--- Exercise brief ---
For the word "that", state how many lines of the records include it, with no other text.

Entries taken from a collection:
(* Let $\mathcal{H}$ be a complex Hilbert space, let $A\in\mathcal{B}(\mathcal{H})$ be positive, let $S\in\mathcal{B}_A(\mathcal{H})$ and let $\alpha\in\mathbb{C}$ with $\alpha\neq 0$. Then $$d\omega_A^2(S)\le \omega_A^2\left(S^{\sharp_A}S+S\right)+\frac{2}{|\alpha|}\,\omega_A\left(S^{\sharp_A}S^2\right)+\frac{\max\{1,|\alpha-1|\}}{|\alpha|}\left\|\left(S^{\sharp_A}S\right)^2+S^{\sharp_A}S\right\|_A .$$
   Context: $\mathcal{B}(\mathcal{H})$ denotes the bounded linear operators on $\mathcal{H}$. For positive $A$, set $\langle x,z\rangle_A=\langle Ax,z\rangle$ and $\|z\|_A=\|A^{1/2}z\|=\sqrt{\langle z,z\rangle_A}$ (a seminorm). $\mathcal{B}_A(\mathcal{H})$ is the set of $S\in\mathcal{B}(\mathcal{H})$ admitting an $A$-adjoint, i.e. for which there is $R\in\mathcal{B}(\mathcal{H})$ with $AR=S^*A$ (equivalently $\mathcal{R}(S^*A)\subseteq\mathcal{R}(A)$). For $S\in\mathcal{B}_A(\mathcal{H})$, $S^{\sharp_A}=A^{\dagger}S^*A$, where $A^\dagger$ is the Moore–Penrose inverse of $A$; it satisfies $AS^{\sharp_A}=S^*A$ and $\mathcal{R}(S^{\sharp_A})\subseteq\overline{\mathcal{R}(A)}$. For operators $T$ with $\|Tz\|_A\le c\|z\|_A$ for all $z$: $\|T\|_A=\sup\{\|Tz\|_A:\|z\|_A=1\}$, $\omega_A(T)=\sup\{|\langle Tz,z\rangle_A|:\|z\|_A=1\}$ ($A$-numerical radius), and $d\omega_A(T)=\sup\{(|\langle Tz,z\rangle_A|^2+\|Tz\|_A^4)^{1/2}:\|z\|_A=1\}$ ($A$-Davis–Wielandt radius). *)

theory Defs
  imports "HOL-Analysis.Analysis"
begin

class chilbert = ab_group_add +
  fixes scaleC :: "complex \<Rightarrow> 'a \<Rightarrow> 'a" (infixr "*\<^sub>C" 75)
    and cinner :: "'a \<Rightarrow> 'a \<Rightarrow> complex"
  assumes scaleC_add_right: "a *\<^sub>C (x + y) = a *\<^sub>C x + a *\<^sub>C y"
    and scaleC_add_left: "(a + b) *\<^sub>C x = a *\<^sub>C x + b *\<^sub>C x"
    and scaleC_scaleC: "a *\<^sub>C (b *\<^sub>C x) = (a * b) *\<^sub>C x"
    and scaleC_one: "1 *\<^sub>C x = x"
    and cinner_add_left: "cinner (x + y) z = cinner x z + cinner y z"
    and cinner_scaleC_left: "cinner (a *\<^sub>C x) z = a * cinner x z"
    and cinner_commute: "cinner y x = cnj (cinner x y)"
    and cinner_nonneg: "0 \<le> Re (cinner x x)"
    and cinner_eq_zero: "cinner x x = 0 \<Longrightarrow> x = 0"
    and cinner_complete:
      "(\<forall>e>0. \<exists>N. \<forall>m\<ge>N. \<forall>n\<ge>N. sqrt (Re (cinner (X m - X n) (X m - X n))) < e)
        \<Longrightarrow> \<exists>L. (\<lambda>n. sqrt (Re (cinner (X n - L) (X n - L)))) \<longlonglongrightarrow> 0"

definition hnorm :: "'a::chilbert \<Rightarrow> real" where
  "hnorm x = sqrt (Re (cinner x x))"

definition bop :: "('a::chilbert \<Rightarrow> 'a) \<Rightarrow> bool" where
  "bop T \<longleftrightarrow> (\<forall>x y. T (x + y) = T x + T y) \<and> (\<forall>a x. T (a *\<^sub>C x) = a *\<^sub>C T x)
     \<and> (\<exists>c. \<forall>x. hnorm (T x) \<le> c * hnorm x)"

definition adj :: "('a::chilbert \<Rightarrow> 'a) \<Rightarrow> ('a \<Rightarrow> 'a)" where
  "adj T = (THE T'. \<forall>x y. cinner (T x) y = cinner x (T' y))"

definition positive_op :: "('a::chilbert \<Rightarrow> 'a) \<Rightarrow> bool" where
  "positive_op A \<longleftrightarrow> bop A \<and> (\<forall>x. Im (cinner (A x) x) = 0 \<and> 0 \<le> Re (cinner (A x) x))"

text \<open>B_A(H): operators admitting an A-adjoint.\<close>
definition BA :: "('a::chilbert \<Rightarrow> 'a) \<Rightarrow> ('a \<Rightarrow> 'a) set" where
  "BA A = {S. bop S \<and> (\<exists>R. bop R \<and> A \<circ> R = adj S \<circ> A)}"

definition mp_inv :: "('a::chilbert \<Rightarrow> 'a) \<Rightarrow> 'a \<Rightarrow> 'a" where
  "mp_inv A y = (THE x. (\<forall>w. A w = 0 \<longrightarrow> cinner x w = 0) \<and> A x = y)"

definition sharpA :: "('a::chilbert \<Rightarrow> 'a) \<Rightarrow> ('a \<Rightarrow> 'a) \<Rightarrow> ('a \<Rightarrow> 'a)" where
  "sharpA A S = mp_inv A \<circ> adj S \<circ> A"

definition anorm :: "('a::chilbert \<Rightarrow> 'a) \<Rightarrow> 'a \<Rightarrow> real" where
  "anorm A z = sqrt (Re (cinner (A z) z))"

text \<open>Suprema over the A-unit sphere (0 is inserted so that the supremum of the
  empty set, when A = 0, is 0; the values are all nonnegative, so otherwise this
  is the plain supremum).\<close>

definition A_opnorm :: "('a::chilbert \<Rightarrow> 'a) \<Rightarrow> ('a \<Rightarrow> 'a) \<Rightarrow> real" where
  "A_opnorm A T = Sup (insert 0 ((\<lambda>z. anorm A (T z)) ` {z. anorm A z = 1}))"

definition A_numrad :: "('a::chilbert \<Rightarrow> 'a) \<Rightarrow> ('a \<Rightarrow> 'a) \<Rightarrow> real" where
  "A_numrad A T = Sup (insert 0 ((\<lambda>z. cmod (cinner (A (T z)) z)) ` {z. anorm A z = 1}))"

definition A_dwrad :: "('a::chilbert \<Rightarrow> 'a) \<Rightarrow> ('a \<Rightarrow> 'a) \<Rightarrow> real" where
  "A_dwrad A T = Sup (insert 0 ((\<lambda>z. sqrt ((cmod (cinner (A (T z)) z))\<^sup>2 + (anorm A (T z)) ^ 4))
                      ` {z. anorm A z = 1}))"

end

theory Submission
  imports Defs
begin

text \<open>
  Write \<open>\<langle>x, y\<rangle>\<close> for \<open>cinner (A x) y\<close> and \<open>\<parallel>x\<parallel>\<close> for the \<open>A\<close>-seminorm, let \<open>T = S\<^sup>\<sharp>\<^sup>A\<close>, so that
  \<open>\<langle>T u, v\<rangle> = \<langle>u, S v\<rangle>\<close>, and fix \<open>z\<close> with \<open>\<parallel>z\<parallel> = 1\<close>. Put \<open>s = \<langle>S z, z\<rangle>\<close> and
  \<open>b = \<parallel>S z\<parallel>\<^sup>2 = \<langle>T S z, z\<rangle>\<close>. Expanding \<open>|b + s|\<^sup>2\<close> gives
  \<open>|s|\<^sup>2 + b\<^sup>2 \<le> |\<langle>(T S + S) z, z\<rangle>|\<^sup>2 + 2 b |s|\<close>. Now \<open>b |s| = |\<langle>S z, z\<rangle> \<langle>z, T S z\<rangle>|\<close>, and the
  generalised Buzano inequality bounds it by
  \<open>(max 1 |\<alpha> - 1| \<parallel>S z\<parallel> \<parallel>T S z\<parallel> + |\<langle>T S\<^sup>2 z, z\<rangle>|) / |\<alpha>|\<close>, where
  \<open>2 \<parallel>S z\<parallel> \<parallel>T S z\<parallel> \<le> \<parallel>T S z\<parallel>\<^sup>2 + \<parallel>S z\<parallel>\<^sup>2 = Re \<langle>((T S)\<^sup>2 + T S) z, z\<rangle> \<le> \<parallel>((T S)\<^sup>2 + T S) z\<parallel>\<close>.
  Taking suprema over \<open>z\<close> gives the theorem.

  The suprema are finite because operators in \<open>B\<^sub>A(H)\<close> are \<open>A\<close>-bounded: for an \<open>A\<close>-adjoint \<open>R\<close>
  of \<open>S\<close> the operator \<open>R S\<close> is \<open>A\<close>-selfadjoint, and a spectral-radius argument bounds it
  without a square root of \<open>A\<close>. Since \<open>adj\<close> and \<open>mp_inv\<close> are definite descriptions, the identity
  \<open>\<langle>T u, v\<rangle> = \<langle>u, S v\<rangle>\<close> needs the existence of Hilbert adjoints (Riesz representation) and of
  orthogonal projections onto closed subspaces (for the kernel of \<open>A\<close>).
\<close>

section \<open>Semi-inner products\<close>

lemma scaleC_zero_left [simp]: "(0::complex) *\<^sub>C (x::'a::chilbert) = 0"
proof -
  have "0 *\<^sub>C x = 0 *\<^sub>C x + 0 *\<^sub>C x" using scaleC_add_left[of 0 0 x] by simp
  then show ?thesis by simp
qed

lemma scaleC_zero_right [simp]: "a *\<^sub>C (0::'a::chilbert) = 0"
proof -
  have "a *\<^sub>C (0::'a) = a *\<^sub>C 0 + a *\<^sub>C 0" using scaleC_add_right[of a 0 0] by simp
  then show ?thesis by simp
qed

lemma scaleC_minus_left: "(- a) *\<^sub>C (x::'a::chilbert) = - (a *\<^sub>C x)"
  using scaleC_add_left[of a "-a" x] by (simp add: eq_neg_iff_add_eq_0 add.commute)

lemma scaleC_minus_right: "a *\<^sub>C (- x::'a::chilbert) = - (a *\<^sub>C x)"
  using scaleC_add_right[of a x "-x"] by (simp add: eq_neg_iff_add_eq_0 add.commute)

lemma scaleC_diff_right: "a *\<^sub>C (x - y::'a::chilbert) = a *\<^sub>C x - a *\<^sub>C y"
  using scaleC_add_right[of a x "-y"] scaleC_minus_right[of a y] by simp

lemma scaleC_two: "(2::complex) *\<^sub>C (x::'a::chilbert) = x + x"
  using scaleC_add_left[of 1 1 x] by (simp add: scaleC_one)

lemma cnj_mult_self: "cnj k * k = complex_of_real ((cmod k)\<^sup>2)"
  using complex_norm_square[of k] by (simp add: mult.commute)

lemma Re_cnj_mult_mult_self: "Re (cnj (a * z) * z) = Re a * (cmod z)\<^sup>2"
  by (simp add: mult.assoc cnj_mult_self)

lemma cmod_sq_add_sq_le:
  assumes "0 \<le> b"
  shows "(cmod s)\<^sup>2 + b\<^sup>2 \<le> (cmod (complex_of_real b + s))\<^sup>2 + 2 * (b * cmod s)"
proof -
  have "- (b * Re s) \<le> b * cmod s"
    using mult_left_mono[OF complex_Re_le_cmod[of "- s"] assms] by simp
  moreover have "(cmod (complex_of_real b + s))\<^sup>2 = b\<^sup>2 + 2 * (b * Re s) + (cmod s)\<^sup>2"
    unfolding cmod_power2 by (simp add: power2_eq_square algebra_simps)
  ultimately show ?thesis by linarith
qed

--- Result below ---
2